Drane includes an example from the experience of a pastor friend: “He had started with just seventeen people, and ended up with more than 3000, but in the process the church had become a depersonalized machine. . . . Growth led to increased numbers, which required a bigger space to contain them, which called for fund-raising and building projects, which necessitated a mortgage to pay for it all, which demanded efficient marketing and sales techniques to maximize the attendance in order to raise enough money to meet the payments, and on and on in a vicious spiral of cause and effect. When all of that came together, it created a system that, in terms of human relationships and real spiritual growth was pathologically self-destructive—but which was apparently necessary in order to maintain the trappings of ‘success.’”

Avoiding Surprises

Admittedly, says Drane, “The security of what is predictable can indeed help people to feel safe—but the downside is that it all becomes routine. . . . Pragmatically, the Church’s love affair with this aspect of McDonaldization is a major stumbling block to effective evangelism in today’s post-modern culture.”

In Curing Sunday Spectatoritis, I quote a blogger who wrote, “Routines are convenient and make for a comfortable, easy life. They make you think less. They let you predict the future. In essence, routines make you lazy. They make your life and you boring. Routines won’t provide you with stories to tell.” Even so, in some churches regulars don’t even have to read the order of service in the bulletin to know what will come next.

Managing the Event

“This issue of power and control,” Drane says, “is at the heart of all the other factors that are at work in a McDonaldized style of being.” As an example, he points to the typical church practice of offering self-tests to help people discover their spiritual gifts.
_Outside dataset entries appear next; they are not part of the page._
(* Let $p$ be a binary word with exactly one run. If $p=0$ or $p=1$, then $p$ has no internal zero at any $n\ge0$. If $p$ has length $l\ge2$, then $p$ has an internal zero at every $n\ge l+1$.
   Context: $c_p(w)$ is the number of occurrences of $p$ as a (not necessarily consecutive) subsequence of $w$; $B_{n,p}(k)$ is the number of binary words of length $n$ with $c_p(w)=k$. $p$ has an internal zero at $n$ if there exist $0\le k_1<k_2<k_3$ with $B_{n,p}(k_1)\ne0$, $B_{n,p}(k_2)=0$, $B_{n,p}(k_3)\ne0$. *)

theory Defs
  imports Main
begin

text \<open>Binary words are lists of booleans (False = 0, True = 1).\<close>

definition occ :: "bool list \<Rightarrow> bool list \<Rightarrow> nat" where
  "occ p w = card {I. I \<subseteq> {0..<length w} \<and> card I = length p \<and> nths w I = p}"

definition B :: "nat \<Rightarrow> bool list \<Rightarrow> nat \<Rightarrow> nat" where
  "B n p k = card {w :: bool list. length w = n \<and> occ p w = k}"

definition internal_zero :: "bool list \<Rightarrow> nat \<Rightarrow> bool" where
  "internal_zero p n \<longleftrightarrow>
     (\<exists>k1 k2 k3. k1 < k2 \<and> k2 < k3 \<and> B n p k1 \<noteq> 0 \<and> B n p k2 = 0 \<and> B n p k3 \<noteq> 0)"

definition one_run :: "bool list \<Rightarrow> bool" where
  "one_run p \<longleftrightarrow> p \<noteq> [] \<and> (\<forall>i < length p. p ! i = p ! 0)"

end

theory Submission
  imports Defs
begin

text \<open>An occurrence of \<open>c\<^sup>l\<close> in \<open>w\<close> is just an \<open>l\<close>-subset of the positions of \<open>w\<close> carrying \<open>c\<close>,
  so \<open>c_p(w) = binom(m, l)\<close> where \<open>m\<close> is the number of letters \<open>c\<close> in \<open>w\<close>, and every
  \<open>m \<le> n\<close> is realised by a word of length \<open>n\<close>. Hence the support of \<open>B_{n,p}\<close> is
  \<open>{binom(m, l) | m \<le> n}\<close>: for \<open>l = 1\<close> this is the interval \<open>{0..n}\<close>, while for \<open>l \<ge> 2\<close>
  and \<open>n \<ge> l + 1\<close> it contains \<open>0\<close> and \<open>l + 1\<close> but never \<open>2\<close>.\<close>

lemma count_list_conv_card: "count_list w c = card {i. i < length w \<and> w ! i = c}"
  by (simp add: count_list_eq_length_filter length_filter_conv_card eq_commute)

lemma nths_eq_replicate_iff:
  assumes "I \<subseteq> {0..<length w}"
  shows "nths w I = replicate (card I) c \<longleftrightarrow> (\<forall>i\<in>I. w ! i = c)"
proof -
  have "{i. i < length w \<and> i \<in> I} = I" using assms by auto
  then have len: "length (nths w I) = card I" by (simp add: length_nths)
  have "nths w I = replicate (card I) c \<longleftrightarrow> (\<forall>x\<in>set (nths w I). x = c)"
    by (metis len in_set_replicate replicate_length_same)
  also have "\<dots> \<longleftrightarrow> (\<forall>i\<in>I. w ! i = c)"
    using assms by (fastforce simp: set_nths)
  finally show ?thesis .
qed

lemma occ_replicate: "occ (replicate l c) w = count_list w c choose l"
proof -
  let ?P = "{i. i < length w \<and> w ! i = c}"
  have "I \<subseteq> {0..<length w} \<and> card I = l \<and> nths w I = replicate l c
      \<longleftrightarrow> I \<subseteq> ?P \<and> card I = l" for I
  proof (cases "I \<subseteq> {0..<length w} \<and> card I = l")
    case True
    then show ?thesis using nths_eq_replicate_iff[of I w c] by auto
  qed auto
  then show ?thesis
    unfolding occ_def count_list_conv_card by (simp add: n_subsets)
qed

lemma B_neq_0_iff: "B n p k \<noteq> 0 \<longleftrightarrow> (\<exists>w. length w = n \<and> occ p w = k)"
proof -
  have "finite {w :: bool list. length w = n \<and> occ p w = k}"
    by (rule finite_subset[OF _ finite_lists_length_eq[of UNIV n]]) auto
  then show ?thesis unfolding B_def by auto
qed

lemma B_replicate_eq_0_iff: "B n (replicate l c) k = 0 \<longleftrightarrow> (\<forall>m\<le>n. k \<noteq> m choose l)"
proof -
  have "(\<exists>w. length w = n \<and> occ (replicate l c) w = k) \<longleftrightarrow> (\<exists>m\<le>n. k = m choose l)"
  proof
    assume "\<exists>w. length w = n \<and> occ (replicate l c) w = k"
    then show "\<exists>m\<le>n. k = m choose l" using count_le_length occ_replicate by metis
  next
    assume "\<exists>m\<le>n. k = m choose l"
    then obtain m where "m \<le> n" "k = m choose l" by blast
    moreover have "count_list (replicate m c @ replicate (n - m) (\<not> c)) c = m"
      by (simp add: count_list_eq_length_filter)
    ultimately show "\<exists>w. length w = n \<and> occ (replicate l c) w = k"
      unfolding occ_replicate by (metis length_append length_replicate le_add_diff_inverse)
  qed
  then show ?thesis using B_neq_0_iff[of n "replicate l c" k] by auto
qed

lemma binomial_neq_2:
  assumes "2 \<le> l"
  shows "m choose l \<noteq> 2"
proof (cases "l < m")
  case True
  then have "Suc l choose l \<le> m choose l" by (intro binomial_right_mono) simp
  with assms show ?thesis by simp
next
  case False
  then have "m choose l \<le> 1" by (cases "m = l") (auto simp: not_less binomial_eq_0)
  then show ?thesis by simp
qed

lemma one_run_imp_replicate:
  assumes "one_run p"
  shows "replicate (length p) (p ! 0) = p"
proof (rule nth_equalityI)
  fix i assume "i < length (replicate (length p) (p ! 0))"
  then show "replicate (length p) (p ! 0) ! i = p ! i"
    using assms unfolding one_run_def by (metis length_replicate nth_replicate)
qed simp

theorem mainTheorem13:
  fixes p :: "bool list"
  assumes "one_run p"
  shows "(length p = 1 \<longrightarrow> (\<forall>n. \<not> internal_zero p n))
       \<and> (length p \<ge> 2 \<longrightarrow> (\<forall>n. n \<ge> length p + 1 \<longrightarrow> internal_zero p n))"
proof -
  define l where "l = length p"
  have p_replicate: "replicate l (p ! 0) = p"
    using one_run_imp_replicate[OF assms] unfolding l_def .
  have support: "B n p k = 0 \<longleftrightarrow> (\<forall>m\<le>n. k \<noteq> m choose l)" for n k
    using B_replicate_eq_0_iff[of n l "p ! 0" k] unfolding p_replicate .
  have "\<not> internal_zero p n" if "l = 1" for n
  proof -
    have "B n p k = 0 \<longleftrightarrow> n < k" for k
      unfolding support that choose_one by (metis not_less)
    then show ?thesis unfolding internal_zero_def by auto
  qed
  moreover have "internal_zero p n" if "2 \<le> l" "l + 1 \<le> n" for n
  proof -
    have "0 = 0 choose l" using that(1) by simp
    then have "B n p 0 \<noteq> 0" unfolding support by (metis le0)
    moreover have "B n p 2 = 0"
      unfolding support using binomial_neq_2[OF that(1)] by metis
    moreover have "B n p (l + 1) \<noteq> 0"
      using that(2) binomial_Suc_n[of l] unfolding support by (metis Suc_eq_plus1)
    moreover have "2 < l + 1" using that(1) by simp
    ultimately show ?thesis unfolding internal_zero_def
      by (intro exI[of _ 0] exI[of _ 2] exI[of _ "l + 1"]) simp
  qed
  ultimately show ?thesis unfolding l_def by auto
qed

end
“While we say we are wanting to be sensitive to people’s skills, and open to using them in the life of the church, the possible ministries that are on offer invariably have an over-emphasis on particular areas—all of them carefully chosen to ensure that we identify in other people only those gifts that are not going to challenge the position of the established leadership.”

The Shared-Church Connection

What does all this have to do with shared church? I’ll close with one more quotation from Drane when he says that today’s world will require the church in its worship services to “place the mutual sharing of stories of faith at the center of its search for meaningful human community, not to mention its obedient commitment to the gospel.”